Before moving on to the discussion of concerns about ownership and handling, however, it is important to understand the process of collecting primary data. The process of primary data collection consists of several steps, from questionnaire development, to enumerator training. Each of these steps are listed below, and require detailed planning, and coordination among the members of the research team.
The first step of primary data collection is to design a survey instrument (or questionnaire). It is important to remember that drafting a questionnaire from scratch can be a time-consuming process, so the research team should try to use existing resources as far as possible. Start While developing the questionnaire, keep the following things in mind:
- Plan. The research team should start with a clear understanding of the theory of change for the project. List key outcomes of interest, and the main variables that can be used to measure these outcomes. A good starting point for this is the pre-analysis plan.
- Modules. Divide the questionnaire into individual modules, each with a group of questions that are related to one aspect of the survey. Unless the context of the study is entirely new, perform a literature review of existing well-tested and reliable surveys to prepare the general structure of the questionnaire. One example of a resource for past studies and questionnaires is the World Bank Microdata Library.
- Measurement challenges. Often, research teams face challenges in measuring certain outcomes, for instance, abstract concepts (like empowerment), or socially sensitive topics that people do not wish to talk about (like drug abuse). In such cases, try to use indicators that are easy to identify, or build a level of comfort with respondents before moving to the sensitive topics.
- Translation. Translating the questionnaire is a very important step. The research team must hire only professional translators to translate the questionnaire into all local languages that are spoken in the study location.
Survey pilot is the process of carrying out interviews and tests on different components of a survey, including content and protocols. A good pilot provides the research team with important feedback before they start the process of data collection. This feedback can help the research team review and improve instrument design, translations, as well as survey protocols related to interview scheduling, sampling, and geo data.

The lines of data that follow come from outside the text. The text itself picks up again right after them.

lemma not_contains_if_edges_through_two_pairs:
  assumes H: "\<forall>h\<in>H. p \<subseteq> h \<or> q \<subseteq> h" and pq: "card p = 2" "card q = 2"
    and F: "\<forall>A\<in>F. finite A" "A \<in> F" "B \<in> F" "C \<in> F"
    and small: "card (A \<inter> B) \<le> 1" "card (B \<inter> C) \<le> 1" "card (A \<inter> C) \<le> 1"
  shows "\<not> contains H F"
proof
  assume "contains H F"
  then obtain \<phi> where inj: "inj_on \<phi> (\<Union>F)" and im: "\<forall>X\<in>F. \<phi> ` X \<in> H"
    unfolding contains_def by blast
  have no_common_pair: False
    if "X \<in> F" "Y \<in> F" "card (X \<inter> Y) \<le> 1" "card r = 2" "r \<subseteq> \<phi> ` X" "r \<subseteq> \<phi> ` Y" for X Y r
  proof -
    have eq: "\<phi> ` X \<inter> \<phi> ` Y = \<phi> ` (X \<inter> Y)"
      by (rule inj_on_image_Int[OF inj, symmetric]) (use that in auto)
    have fin: "finite (X \<inter> Y)" using F that(1) by blast
    have "r \<subseteq> \<phi> ` (X \<inter> Y)" using that(5,6) eq by blast
    then have "card r \<le> card (\<phi> ` (X \<inter> Y))" using fin by (intro card_mono) auto
    also have "\<dots> \<le> card (X \<inter> Y)" using fin by (rule card_image_le)
    finally show False using that(3,4) by simp
  qed
  have "p \<subseteq> \<phi> ` X \<or> q \<subseteq> \<phi> ` X" if "X \<in> F" for X using H im that by blast
  with F(2-4) have "p \<subseteq> \<phi> ` A \<or> q \<subseteq> \<phi> ` A" "p \<subseteq> \<phi> ` B \<or> q \<subseteq> \<phi> ` B"
    "p \<subseteq> \<phi> ` C \<or> q \<subseteq> \<phi> ` C" by blast+
  then show False
    using no_common_pair[OF F(2,3) small(1)] no_common_pair[OF F(3,4) small(2)]
      no_common_pair[OF F(2,4) small(3)] pq by blast
qed

definition extremal_graph :: "nat \<Rightarrow> nat set set" where
  "extremal_graph n = (\<lambda>x. {0,1,x}) ` {2..<n} \<union> (\<lambda>x. {2,3,x}) ` ({..<n} - {2,3})"

lemma forbidden_free_extremal_graph: "forbidden_free (extremal_graph n)"
proof -
  have H: "\<forall>h\<in>extremal_graph n. {0::nat,1} \<subseteq> h \<or> {2,3} \<subseteq> h"
    unfolding extremal_graph_def by auto
  have "\<not> contains (extremal_graph n) loose_path3"
    by (rule not_contains_if_edges_through_two_pairs[OF H,
          where A = "{0,1,2}" and B = "{2,3,4}" and C = "{4,5,6}"]) (simp_all add: loose_path3_def)
  moreover have "\<not> contains (extremal_graph n) loose_triangle"
    by (rule not_contains_if_edges_through_two_pairs[OF H,
          where A = "{0,1,2}" and B = "{2,3,4}" and C = "{4,5,0}"]) (simp_all add: loose_triangle_def)
  moreover have "\<not> contains (extremal_graph n) P32_K33"
    by (rule not_contains_if_edges_through_two_pairs[OF H,
          where A = "{0,1,2}" and B = "{2,3,4}" and C = "{5,6,7}"]) (simp_all add: P32_K33_def)
  ultimately show ?thesis unfolding forbidden_free_def by blast
qed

A pilot has three stages - pre-pilot, content-focused pilot, and data-focused pilot. Typically, the pilot is carried out before hiring a survey firm. The research team must draft a clear timeline for the pilot, and allocate enough time for each component of the pilot. DIME Analytics] has also created the following checklists to assist researchers and enumerators in preparing for, and implementing a pilot:
- Checklist: Preparing for a survey pilot
- Checklist: Refining questionnaire content
- Checklist: Refining questionnaire data
Pilot Recruitment Strategy
Besides testing content and protocols, it is also important for the research team to pilot recruitment strategy before starting data collection. This is especially important in the following cases:
- Smaller sample. Before finalizing the target population, the research team often surveys a smaller sample of the population that is selected for an intervention. The research team can use this to finalize the sampling frame (which is a list of individuals or units in a population from which a sample can be drawn), sample size, and statistical power based on which they can then start data collection.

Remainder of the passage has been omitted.